MİT’ten gelen listelere göre işlemler
yapılmıştır ama aceleci olunmamıştır.
Bu nedenle ‘hata’ yapılmamıştır.
İşte en son Ankara’dan gelen 11 bin
480 kişilik ‘yanlışlık’ listesinde Afyonkarahisar’da
sadece 11 tutuklunun bulunması
bu ‘ince eleyip sık dokumanın’
göstergesidir. Bu 11 kişi hakkında da iddianame
hazırlanmış değildir üstelik.
Diğer pek çok İl’lerde sadece ByLock kullanıcısı
olduğu için tutuklanan kişiler hakkında
davalar açılmış, kararlar verilmiş ve
üstelik bu kararlarda onanmıştır.
Şimdi ise bunlar hakkında o İllerde yeniden
yargılama yoluna gidilmektedir.
Bir kaç gün önce bir İl’de 16 aydır Cezaevinde
bulunan bir Ağır Ceza Reisi tahliye
edilmiştir.
Bu kişi hakkındaki tek delil ‘ByLock’ kullanıcısı
olduğudur. Tutuklanmış, hakkında dava
açılmış ve aylarca cezaevinde kalmıştır. 16 ay
sonrada bu kişi, ‘pardon’ denilerek tahliye
edilmiştir.
Afyonkarahisar’da ise böyle mağduriyetler
yaşanmamıştır.
Yani Afyonkarahisar Cumhuriyet Başsavcılığı
‘Mağdur’ yaratmamıştır.
‘Ben İddianameyi hazırlayıp gönderiyim,
dava açılsın, şüpheliler dertlerini Mahkemeye
anlatsınlar’ denilmemiştir.
8 binden fazla kişi hakkında soruşturma
yapıldığından bahsetmiştim.
Bunların büyük çoğunluğu hakkında ne takipsizlik
kararı verilmiştir, ne de beraat kararı
verilmiştir.
Her şüpheli ile ilgili iddialar, bilgiler, belgeler
teker teker incelenmiştir.
Türkiye Cumhuriyeti Devletinin gücü hissettirilmiş,
FETÖ örgütünün hainliği her şekilde
gözleri önüne serilmiştir tüm bu
şüphelilerin.
Bilenlerin bildiklerini ‘İtiraf’ ettirilmesi yoluna
gidilmiştir. Alınan ‘etkin pişmanlık’ ifadeleriyle
tüm soruşturmaların daha sağlıklı
halde yapılması sağlanmıştır. ‘Gizli’ bilgilere
ulaşılmıştır.
Afyonkarahisar Cumhuriyet Başsavcılığı
işte bu başarının altına imzasını atmıştır ve
tüm Türkiye’ye örnek olmuştur.
SAVCILIK ZORU SEÇTİ
Afyonkarahisar’da 1850 kişinin telefonlarında
ByLock proğramının yüklü olduğunu
belirtmiştim.
Bugüne kadar hakkında iddianame hazırlanan
kişi sayısı ise dokuzyüz küsur.
Yani yuvarlak rakam bin kişi.
Afyonkarahisar Cumhuriyet Başsavcılığı
FETÖ ile ilgili 15 kriter belirlemişti.
ByLock bu 15 kriterden sadece biriydi.
Bir tek kritere göre dava açmak işin en
kolay yoluydu aslında.
Ama Savcılık bu kolay yolu seçmedi.
Zoru seçti, ama mağdur yaratmadı.
Mesela tek ByLock kriterine göre diğer
İllerdeki gibi dava açsaydı...
Afyonkarahisar’da yüzlerce mağdur yaratılmış
olacaktı.
İKİ ANEKDOT
Afyonkarahisar’lı bir ailenin kızı, 14-15 yaşlarındaydı.

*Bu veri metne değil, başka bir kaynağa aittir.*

lemma log_chord_le_log_concave_majorant:
  assumes G: "log_concave G" "\<And>x. tailR n x \<le> G x" and j: "j + 1 \<le> int n"
    and z: "real_of_int (2 * j - int n) \<le> z" "z \<le> real_of_int (2 * j - int n) + 2"
  shows "log_chord n j z \<le> G z"
proof -
  define x where "x = real_of_int (2 * j - int n)"
  define s where "s = (z - x) / 2"
  have Q: "0 < lattice_tail n j" "0 < lattice_tail n (j + 1)" using j lattice_tail_pos by auto
  have "log_chord n j z = lattice_tail n j powr (1 - s) * lattice_tail n (j + 1) powr s"
    using Q by (simp add: log_chord_def s_def x_def powr_divide powr_diff)
  also have "\<dots> \<le> G ((1 - s) * x + s * (x + 2))"
  proof (rule log_concave_powr_le[OF G(1)])
    show "lattice_tail n j \<le> G x" using G(2)[of x] by (simp only: x_def tailR_lattice)
    have "x + 2 = real_of_int (2 * (j + 1) - int n)" by (simp add: x_def)
    thus "lattice_tail n (j + 1) \<le> G (x + 2)" using G(2)[of "x + 2"] by (simp only: tailR_lattice)
  qed (use Q z in \<open>auto simp: s_def x_def\<close>)
  also have "(1 - s) * x + s * (x + 2) = z" by (simp add: s_def field_simps)
  finally show ?thesis .
qed

lemma tailR_lin_le_log_chord:
  assumes j: "j + 1 \<le> int n" and u: "0 < u" "u * lattice_tail n j \<le> lattice_tail n (j + 1)"
    and gap: "\<forall>s\<in>{0..1/2}. 0 \<le> pow_lin_gap u s"
  shows "tailR_lin n v \<le> log_chord n j (v - 1)"
proof -
  define r where "r = lattice_tail n (j + 1) / lattice_tail n j"
  have Q: "0 < lattice_tail n j" using j lattice_tail_pos by auto
  have r: "0 < r" "u \<le> r" "r \<le> 1"
    using Q u j lattice_tail_pos[of "j + 1" n] lattice_tail_mono[of n j]
    by (auto simp: r_def field_simps)
  obtain M \<gamma> where \<gamma>: "0 \<le> \<gamma>" "\<gamma> < 1" and v: "v = 2 * M - real n + 2 * \<gamma>"
    and lin: "tailR_lin n v = (1 - \<gamma>) * lattice_tail n M + \<gamma> * lattice_tail n (M + 1)"
    by (rule tailR_lin_as_interpolation)
  have chord: "lattice_tail n m \<le> lattice_tail n j * r powr (m - j)" for m
    unfolding r_def by (rule lattice_tail_le_chord[OF j])
  define P where "P = lattice_tail n j * r powr (M - j)"
  have "real_of_int (M + 1 - j) = real_of_int (M - j) + 1" by simp
  hence "r powr real_of_int (M + 1 - j) = r powr real_of_int (M - j) * r"
    using r by (simp only: powr_add) simp
  hence "lattice_tail n M \<le> P" "lattice_tail n (M + 1) \<le> P * r"
    using chord[of M] chord[of "M + 1"] by (simp_all add: P_def mult.assoc)
  hence "tailR_lin n v \<le> (1 - \<gamma>) * P + \<gamma> * (P * r)"
    unfolding lin using \<gamma> by (intro add_mono mult_left_mono) auto
  also have "\<dots> = P * ((1 - \<gamma>) + \<gamma> * r)" by (simp add: algebra_simps)
  also have "\<dots> \<le> P * r powr (\<gamma> - 1/2)"
    using lin_interp_le_powr[OF u(1) r(2,3) gap, of \<gamma>] \<gamma> Q r
    by (intro mult_left_mono) (auto simp: P_def)
  also have "\<dots> = lattice_tail n j * r powr (real_of_int (M - j) + (\<gamma> - 1/2))"
    using r by (simp add: P_def powr_add mult.assoc)
  also have "real_of_int (M - j) + (\<gamma> - 1/2) = (v - 1 - real_of_int (2 * j - int n)) / 2"
    by (simp add: v field_simps)
  also have "lattice_tail n j * r powr ((v - 1 - real_of_int (2 * j - int n)) / 2)
      = log_chord n j (v - 1)"
    by (simp only: log_chord_def r_def)
  finally show ?thesis .
qed

lemma log_concave_log_chord:
  assumes "j + 1 \<le> int n"
  shows "log_concave (\<lambda>v. log_chord n j (v - 1))"
proof -
  have "(\<lambda>v. log_chord n j (v - 1)) = (\<lambda>v. lattice_tail n j
      * (lattice_tail n (j + 1) / lattice_tail n j) powr (1/2 * v + (- 1 - (2 * j - real n)) / 2))"
    by (rule ext) (simp add: log_chord_def field_simps)
  moreover have "0 < lattice_tail n j" "0 < lattice_tail n (j + 1)" using assms lattice_tail_pos by auto
  ultimately show ?thesis by (simp only: log_concave_mult_powr_affine divide_pos_pos)
qed
lemma coprime_X_iff_poly_0:
  fixes p :: "'a::field poly"
  shows "coprime p [:0, 1:] \<longleftrightarrow> poly p 0 \<noteq> 0"
proof
  assume coprime: "coprime p [:0, 1:]"
  show "poly p 0 \<noteq> 0"
  proof
    assume "poly p 0 = 0"
    then have "[:0, 1:] dvd p" using poly_eq_0_iff_dvd[of p 0] by simp
    then have "is_unit [:0, 1::'a:]" using coprime_common_divisor[OF coprime] by simp
    then show False using is_unit_iff_degree[of "[:0, 1::'a:]"] by simp
  qed
next
  assume "poly p 0 \<noteq> 0"
  then obtain s t where st: "s * p + t * [:0, 1:] ^ 1 = 1" using bezout_X_power by blast
  show "coprime p [:0, 1:]"
  proof (rule coprimeI)
    fix d assume "d dvd p" "d dvd [:0, 1:]"
    then have "d dvd s * p + t * [:0, 1:] ^ 1" by (metis dvd_add dvd_mult power_one_right)
    then show "is_unit d" by (simp only: st)
  qed
qed

lemma (in vector_space) family_in_span_dependent:
  assumes "finite B" and "\<And>i. i \<le> card B \<Longrightarrow> f i \<in> span B"
  shows "\<exists>c. (\<exists>i\<le>card B. c i \<noteq> 0) \<and> (\<Sum>i\<le>card B. scale (c i) (f i)) = 0"
proof (cases "inj_on f {..card B}")
  case True
  have "card (f ` {..card B}) = Suc (card B)" using True by (simp add: card_image)
  moreover have "f ` {..card B} \<subseteq> span B" using assms(2) by auto
  ultimately have "dependent (f ` {..card B})"
    using independent_span_bound[OF assms(1)] by fastforce
  then obtain u where u: "\<exists>v\<in>f ` {..card B}. u v \<noteq> 0"
      "(\<Sum>v\<in>f ` {..card B}. scale (u v) v) = 0"
    using dependent_finite by blast
  have "(\<Sum>i\<le>card B. scale (u (f i)) (f i)) = 0"
    using u(2) by (simp add: sum.reindex[OF True])
  with u(1) show ?thesis by (intro exI[of _ "u \<circ> f"]) auto
next
  case False
  then obtain i j where ij: "i \<le> card B" "j \<le> card B" "i \<noteq> j" "f i = f j"
    unfolding inj_on_def by auto
  define c :: "nat \<Rightarrow> 'a"
    where "c k = (if k = i then 1 else 0) - (if k = j then 1 else 0)" for k
  have "scale (c k) (f k) = (if k = i then f k else 0) - (if k = j then f k else 0)" for k
    by (simp add: c_def scale_left_diff_distrib)
  then have "(\<Sum>k\<le>card B. scale (c k) (f k)) = f i - f j"
    using ij by (simp add: sum_subtractf)
  then show ?thesis using ij by (intro exI[of _ c]) (auto simp: c_def)
qed

locale linear_endo = vector_space scale
  for scale :: "'a::field \<Rightarrow> 'b::ab_group_add \<Rightarrow> 'b" +
  fixes \<phi> :: "'b \<Rightarrow> 'b"
  assumes linear: "Vector_Spaces.linear scale scale \<phi>"
begin

sublocale phi: module_hom scale scale \<phi>
  using linear by (rule module_hom_linearI)

lemma funpow_zero [simp]: "(\<phi> ^^ k) 0 = 0"
  by (induction k) auto

lemma funpow_diff: "(\<phi> ^^ k) (x - y) = (\<phi> ^^ k) x - (\<phi> ^^ k) y"
  by (induction k) (auto simp: phi.diff)

abbreviation U where "U \<equiv> U_part \<phi>"
abbreviation W where "W \<equiv> W_part scale \<phi>"
abbreviation D where "D \<equiv> drazin_inv scale \<phi>"

lemma poly_endo_eq_sum_upto:
  assumes "degree p \<le> N"
  shows "poly_endo scale p \<phi> v = (\<Sum>i\<le>N. scale (coeff p i) ((\<phi> ^^ i) v))"
  unfolding poly_endo_def
  by (rule sum.mono_neutral_left) (use assms in \<open>auto intro!: coeff_eq_0 simp: not_le\<close>)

Telefonunda ByLock tespit edildi.
Savcı ifadesini aldı.
Serbest bıraktı.
Bugüne kadar da hakkında dava açmadı.
Bekledi, diğer tek delil ByLock olanlar gibi.

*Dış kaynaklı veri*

lemma beta1_tendsto: "(\<lambda>t. beta1 (n1+n2) S j C0 X t) \<longlonglongrightarrow> beta1_limit leader"
proof (rule Lim_transform_eventually)
  have "(\<lambda>t. nstub leader / nreg leader * regular_sum leader t - stubborn_sum leader)
      \<longlonglongrightarrow> nstub leader / nreg leader * (nreg leader * regular_limit leader) - stubborn_sum leader"
    by (intro tendsto_intros regular_sum_tendsto leader_in)
  then show "(\<lambda>t. nstub leader / nreg leader * regular_sum leader t - stubborn_sum leader)
      \<longlonglongrightarrow> beta1_limit leader"
    using nreg_pos[OF leader_in] by (simp add: beta1_limit_def)
  show "eventually (\<lambda>t. nstub leader / nreg leader * regular_sum leader t - stubborn_sum leader
      = beta1 (n1+n2) S j C0 X t) sequentially"
    using eventually_estimated_communities[of C0]
    by eventually_elim
      (simp add: beta1_def regular_sum_def stubborn_sum_def sum_stubborn_state stubborn_def)
qed

lemma beta2_tendsto: "(\<lambda>t. beta2 (n1+n2) S j C0 X t) \<longlonglongrightarrow> beta2_limit leader"
proof (rule Lim_transform_eventually)
  have "(\<lambda>t. ncomm other_leader / nreg leader * regular_sum leader t - regular_sum other_leader t
      - stubborn_sum other_leader)
      \<longlonglongrightarrow> ncomm other_leader / nreg leader * (nreg leader * regular_limit leader)
        - nreg other_leader * regular_limit other_leader - stubborn_sum other_leader"
    by (intro tendsto_intros regular_sum_tendsto leader_in other_comm_in)
  then show "(\<lambda>t. ncomm other_leader / nreg leader * regular_sum leader t - regular_sum other_leader t
      - stubborn_sum other_leader) \<longlonglongrightarrow> beta2_limit leader"
    using nreg_pos[OF leader_in] by (simp add: beta2_limit_def)
  show "eventually (\<lambda>t. ncomm other_leader / nreg leader * regular_sum leader t
      - regular_sum other_leader t - stubborn_sum other_leader = beta2 (n1+n2) S j C0 X t) sequentially"
    using eventually_estimated_communities[of C0]
    by eventually_elim
      (simp add: beta2_def regular_sum_def stubborn_sum_def sum_stubborn_state stubborn_def)
qed

lemma gfun_tendsto: "(\<lambda>t. gfun (n1+n2) S j C0 X t) \<longlonglongrightarrow> g_limit leader"
proof (rule Lim_transform_eventually)
  show "(\<lambda>t. beta1 (n1+n2) S j C0 X t - (ncomm leader ^ 2 + ncomm other_leader ^ 2)
      / (2 * ncomm leader * ncomm other_leader) * beta2 (n1+n2) S j C0 X t) \<longlonglongrightarrow> g_limit leader"
    unfolding g_limit_def by (intro tendsto_intros beta1_tendsto beta2_tendsto)
  show "eventually (\<lambda>t. beta1 (n1+n2) S j C0 X t - (ncomm leader ^ 2 + ncomm other_leader ^ 2)
      / (2 * ncomm leader * ncomm other_leader) * beta2 (n1+n2) S j C0 X t = gfun (n1+n2) S j C0 X t)
      sequentially"
    using eventually_estimated_communities[of C0] by eventually_elim (simp add: gfun_def)
qed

Gelen 11.480 kişilik liste içerisinde o kız çocuğunun
da adı vardı.
Hakkında takipsizlik kararı verildi önceki gün.
İşin aslı ortaya çıktı. Müzik proğramı indirmek
isterken, ‘mor beyin’ kurbanı olmuştu O’da.
Savcı zaten ifadeyi aldığında işin içinde bir
şeyler olduğunu, bu kız çocuğunun örgütle,
ByLock ile bir alakasının olmadığını aylar öncesinde
anlamıştı.
Bir başkası...
Bir gariban boyacı.
7 çocuklu.
O’nun hakkında daha o liste gelmeden çok
önce ‘serbest bırakılması’ yönünde kararı vermişti
Savcılık.
O boyacının adı da çıktı 11.480 kişi içinde.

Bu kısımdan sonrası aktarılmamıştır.